The Phantom-Ship Audit
How a commit message that claimed a feature was shipped — when the code was never actually committed — led to a new audit pattern for multi-phase projects.
The discovery
We were at Phase 74 of a Pokémon ROM hack. The project had a detailed ledger — docs/build-artifacts.md — tracking every phase, its commit SHA, and what it claimed to ship.
Phase 15’s entry said: “VexRefuse now uses trainerbattle_single.”
This is the good-ending climax. The player fights the final boss. It’s load-bearing for the entire post-game.
I ran: git show <phase-15-commit> -- <file> | grep trainerbattle_single
It returned nothing. The function call was never added. The commit message and the ledger both claimed it shipped, but the code wasn’t there.
The entire good ending — the final boss battle, the victory sequence, the post-game content gated behind it — had been “completed” 59 phases ago without the actual battle ever being wired up.
Why reasoning-based reviews miss this
A deep-dive review that reads the design docs and checks the architecture will catch design-level bugs. But it accepts the commit message’s claim that the implementation matches the design.

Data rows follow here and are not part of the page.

text \<open>Substituting \<open>x = s(y,\<tau>)\<close>, which preserves \<open>\<mu>\<close>, turns the energy of \<open>T\<^sup>\<tau>\<close> into
  \<open>\<integral> |T\<^sup>0 y - s(y,\<tau>)|\<^sup>2 + |g(T\<^sup>0 y) - f(s(y,\<tau>))|\<^sup>2 d\<mu>(y)\<close>. Expanding the squares, the terms
  \<open>|s|\<^sup>2 + |f(s)|\<^sup>2\<close> integrate to a constant (again by invariance), so only the cross terms
  \<open>\<langle>T\<^sup>0 y, s(y,\<tau>)\<rangle> + \<langle>g(T\<^sup>0 y), f(s(y,\<tau>))\<rangle>\<close> vary. Their \<open>\<tau>\<close>-derivative, computed from
  \<open>\<partial>\<^sub>t s = \<xi>(s)/\<mu>(s)\<close>, is dominated by \<open>C (1 + |g(T\<^sup>0 y)|)\<close>, which is \<open>\<mu>\<close>-integrable because
  \<open>g \<in> L\<^sup>2(\<nu>)\<close> and \<open>T\<^sup>0\<^sub>*\<mu> = \<nu>\<close>; so one may differentiate under the integral and then undo the
  substitution, the factor \<open>1/\<mu>\<close> cancelling the density. The invariance \<open>s(\<cdot>,t)\<^sub>*\<mu> = \<mu>\<close> is
  assumed outright.\<close>

lemma has_real_derivative_integral:
  fixes F F' :: "'b \<Rightarrow> real \<Rightarrow> real"
  assumes S: "convex S" "t \<in> S"
    and integrable_F: "\<And>\<tau>. \<tau> \<in> S \<Longrightarrow> integrable M (\<lambda>y. F y \<tau>)"
    and deriv: "\<And>y \<tau>. y \<in> space M \<Longrightarrow> \<tau> \<in> S \<Longrightarrow> (F y has_real_derivative F' y \<tau>) (at \<tau> within S)"
    and bound: "\<And>y \<tau>. y \<in> space M \<Longrightarrow> \<tau> \<in> S \<Longrightarrow> \<bar>F' y \<tau>\<bar> \<le> G y"
    and integrable_G: "integrable M G"
    and measurable_F': "(\<lambda>y. F' y t) \<in> borel_measurable M"
  shows "((\<lambda>\<tau>. \<integral>y. F y \<tau> \<partial>M) has_real_derivative (\<integral>y. F' y t \<partial>M)) (at t within S)"
  unfolding has_field_derivative_iff
proof (rule Lim_within_LIMSEQ, intro allI impI)
  fix X :: "nat \<Rightarrow> real"
  assume X: "(\<forall>n. X n \<noteq> t \<and> X n \<in> S) \<and> X \<longlonglongrightarrow> t"
  define q where "q n y = (F y (X n) - F y t) / (X n - t)" for n y
  have difference_quotient: "((\<integral>y. F y (X n) \<partial>M) - (\<integral>y. F y t \<partial>M)) / (X n - t) = (\<integral>y. q n y \<partial>M)" for n
    using X integrable_F S by (simp add: q_def Bochner_Integration.integral_diff)
  have "(\<lambda>n. \<integral>y. q n y \<partial>M) \<longlonglongrightarrow> (\<integral>y. F' y t \<partial>M)"
  proof (rule integral_dominated_convergence[OF measurable_F' _ integrable_G])
    show "q n \<in> borel_measurable M" for n
      unfolding q_def using integrable_F[of "X n"] integrable_F[OF S(2)] X by auto
    show "AE y in M. (\<lambda>n. q n y) \<longlonglongrightarrow> F' y t"
    proof (rule AE_I2)
      fix y assume "y \<in> space M"
      then have "((\<lambda>\<tau>. (F y \<tau> - F y t) / (\<tau> - t)) \<longlongrightarrow> F' y t) (at t within S)"
        using deriv S(2) unfolding has_field_derivative_iff by blast
      then show "(\<lambda>n. q n y) \<longlonglongrightarrow> F' y t"
        using X unfolding q_def tendsto_at_iff_sequentially comp_def by auto
    qed
    show "AE y in M. norm (q n y) \<le> G y" for n
    proof (rule AE_I2)
      fix y assume y: "y \<in> space M"
      have "norm (F y (X n) - F y t) \<le> G y * norm (X n - t)"
        by (rule field_differentiable_bound[OF S(1)]) (use deriv[OF y] bound[OF y] X S in auto)
      moreover have "X n \<noteq> t" using X by auto
      ultimately show "norm (q n y) \<le> G y"
        by (simp add: q_def abs_divide divide_le_eq)
    qed
  qed
  then show "(\<lambda>n. ((\<integral>y. F y (X n) \<partial>M) - (\<integral>y. F y t \<partial>M)) / (X n - t)) \<longlonglongrightarrow> (\<integral>y. F' y t \<partial>M)"
    by (simp only: difference_quotient)
qed

lemma sets_dens_measure: "sets (dens_measure S d) = sets (restrict_space lborel S)"
  by (simp add: dens_measure_def)

lemma space_dens_measure: "space (dens_measure S d) = S"
  by (simp add: dens_measure_def space_restrict_space)

lemma sets_dens_measure_eq: "sets (dens_measure S d) = sets (dens_measure S d')"
  by (simp add: sets_dens_measure)

lemma measurable_dens_measure_eq:
  "dens_measure S d \<rightarrow>\<^sub>M dens_measure S e = dens_measure S d' \<rightarrow>\<^sub>M dens_measure S e'"
  by (rule measurable_cong_sets) (rule sets_dens_measure_eq)+

lemma borel_measurable_dens_measure_eq:
  "borel_measurable (dens_measure S d) = borel_measurable (dens_measure S d')"
  by (rule measurable_cong_sets) (rule sets_dens_measure_eq, rule refl)

lemma continuous_on_borel_measurable_dens_measure:
  fixes h :: "'a::euclidean_space \<Rightarrow> 'b::topological_space"
  assumes "continuous_on S h"
  shows "h \<in> borel_measurable (dens_measure S d)"
proof -
  have "sets (dens_measure S d) = sets (restrict_space borel S)"
    unfolding sets_dens_measure by (rule sets_restrict_space_cong) simp
  from measurable_cong_sets[OF this refl] borel_measurable_continuous_on_restrict[OF assms]
  show ?thesis by blast
qed

lemma continuous_on_measurable_dens_measure:
  fixes h :: "'a::euclidean_space \<Rightarrow> 'a"
  assumes "continuous_on S h" "h \<in> S \<rightarrow> S"
  shows "h \<in> dens_measure S d \<rightarrow>\<^sub>M dens_measure S e"
proof -
  have "h \<in> dens_measure S d \<rightarrow>\<^sub>M restrict_space lborel S"
  proof (rule measurable_restrict_space2)
    show "h \<in> space (dens_measure S d) \<rightarrow> S" using assms(2) by (simp add: space_dens_measure)
    show "h \<in> dens_measure S d \<rightarrow>\<^sub>M lborel"
      using continuous_on_borel_measurable_dens_measure[OF assms(1)] by simp
  qed
  then show ?thesis by (simp add: measurable_cong_sets[OF refl sets_dens_measure])
qed

lemma set_integral_mult_density:
  fixes h d :: "'a::euclidean_space \<Rightarrow> real"
  assumes "S \<in> sets lborel"
    and "h \<in> borel_measurable (dens_measure S d)" "d \<in> borel_measurable (dens_measure S d)"
    and "\<And>x. x \<in> S \<Longrightarrow> 0 \<le> d x"
  shows "(LBINT x:S. h x * d x) = (\<integral>x. h x \<partial>dens_measure S d)"
proof -
  have h: "h \<in> borel_measurable (restrict_space lborel S)"
    and d: "d \<in> borel_measurable (restrict_space lborel S)"
    using assms(2,3) by (simp_all add: measurable_cong_sets[OF sets_dens_measure refl])
  have "(LBINT x:S. h x * d x) = (\<integral>x. d x *\<^sub>R h x \<partial>restrict_space lborel S)"
    using assms(1) by (simp add: set_lebesgue_integral_def integral_restrict_space mult.commute)
  also have "\<dots> = (\<integral>x. h x \<partial>dens_measure S d)"
    unfolding dens_measure_def
    by (rule integral_density[symmetric, OF h d]) (use assms(4) in \<open>auto simp: space_restrict_space\<close>)
  finally show ?thesis .
qed

lemma integral_measure_preserving:
  fixes h :: "'a \<Rightarrow> 'b::{banach, second_countable_topology}"
  assumes "distr M M \<phi> = M" "\<phi> \<in> M \<rightarrow>\<^sub>M M" "h \<in> borel_measurable M"
  shows "(\<integral>x. h (\<phi> x) \<partial>M) = (\<integral>x. h x \<partial>M)"
  using integral_distr[OF assms(2,3)] assms(1) by simp

lemma continuous_on_compact_bound:
  fixes h :: "'a::metric_space \<Rightarrow> 'b::real_normed_vector"
  assumes "continuous_on S h" "compact S"
  obtains B where "\<And>x. x \<in> S \<Longrightarrow> norm (h x) \<le> B"
  using compact_imp_bounded[OF compact_continuous_image[OF assms]] by (auto simp: bounded_iff)

lemma continuous_on_slice:
  assumes "\<forall>x\<in>A. \<forall>t\<in>B. F differentiable (at (x, t) within A \<times> B)" "t \<in> B"
  shows "continuous_on A (\<lambda>x. F (x, t))"
proof -
  have "continuous_on (A \<times> B) F"
    unfolding continuous_on_eq_continuous_within
    using assms(1) by (auto intro: differentiable_imp_continuous_within)
  moreover have "continuous_on A (\<lambda>x. (x, t))"
    by (intro continuous_on_Pair continuous_on_id continuous_on_const)
  ultimately show ?thesis
    by (rule continuous_on_compose2) (use assms(2) in auto)
qed

lemma continuous_on_linear_apply:
  fixes L :: "'a::topological_space \<Rightarrow> 'b::euclidean_space \<Rightarrow> 'c::real_normed_vector"
  assumes "\<And>x. x \<in> S \<Longrightarrow> linear (L x)" "\<And>b. b \<in> Basis \<Longrightarrow> continuous_on S (\<lambda>x. L x b)"
    and "continuous_on S w"
  shows "continuous_on S (\<lambda>x. L x (w x))"
proof (rule continuous_on_eq)
  show "continuous_on S (\<lambda>x. \<Sum>b\<in>Basis. (w x \<bullet> b) *\<^sub>R L x b)"
    by (intro continuous_intros assms(2,3))
  show "(\<Sum>b\<in>Basis. (w x \<bullet> b) *\<^sub>R L x b) = L x (w x)" if "x \<in> S" for x
  proof -
    have "L x (w x) = L x (\<Sum>b\<in>Basis. (w x \<bullet> b) *\<^sub>R b)" by (simp add: euclidean_representation)
    also have "\<dots> = (\<Sum>b\<in>Basis. (w x \<bullet> b) *\<^sub>R L x b)"
      using assms(1)[OF that] by (simp add: linear_sum linear_scale)
    finally show ?thesis ..
  qed
qed

lemma C1_on_has_derivative:
  assumes "C1_on S h" "x \<in> S"
  shows "(h has_derivative frechet_derivative h (at x)) (at x)"
  using assms frechet_derivative_works by (fastforce simp: C1_on_def One_nat_def)

lemma C1_on_imp_continuous_on:
  assumes "C1_on S h"
  shows "continuous_on S h"
proof (intro continuous_at_imp_continuous_on ballI)
  fix x assume "x \<in> S"
  then show "isCont h x" by (rule has_derivative_continuous[OF C1_on_has_derivative[OF assms]])
qed

lemma C1_on_continuous_partial:
  assumes "C1_on S h" "b \<in> Basis"
  shows "continuous_on S (\<lambda>x. frechet_derivative h (at x) b)"
  using assms continuous_on_subset by (fastforce simp: C1_on_def One_nat_def)

lemma grad_inner_eq_derivative:
  assumes "(\<phi> has_derivative D) (at x)"
  shows "grad \<phi> x \<bullet> v = D v"
proof -
  have "linear D" using assms has_derivative_linear by blast
  have "grad \<phi> x \<bullet> v = (\<Sum>b\<in>Basis. (v \<bullet> b) * D b)"
    unfolding grad_def frechet_derivative_at[OF assms, symmetric]
    by (simp add: inner_sum_right inner_commute mult.commute)
  also have "\<dots> = D (\<Sum>b\<in>Basis. (v \<bullet> b) *\<^sub>R b)"
    by (simp add: linear_sum[OF \<open>linear D\<close>] linear_scale[OF \<open>linear D\<close>])
  finally show ?thesis by (simp add: euclidean_representation)
qed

The phantom-ship pattern is invisible to reasoning because the design is correct. The implementation doesn’t match the claim about the implementation. You need a mechanical check — grep for the symbol the commit claims to have added — not a reasoning check.
The audit-subagent pattern
For any project with N shipped phases accumulating commit messages that say “shipped X”:
- Read the ledger claim (what the commit message says it did)
- Grep the cited commit (
git show <commit> -- <file> | grep <cited-symbol>) - Empty result = false claim
I dispatch this as a leaf subagent running mechanical grep+read — no reasoning needed, just pattern matching. On the 1.18M-line codebase, 4 audits yielded 1 Critical + 1 High + 1 Medium finding in about 30-40 minutes.
The deep-dive review (design correctness) and the audit-subagent (implementation matches design) are complementary. Run both before any v1.0 milestone.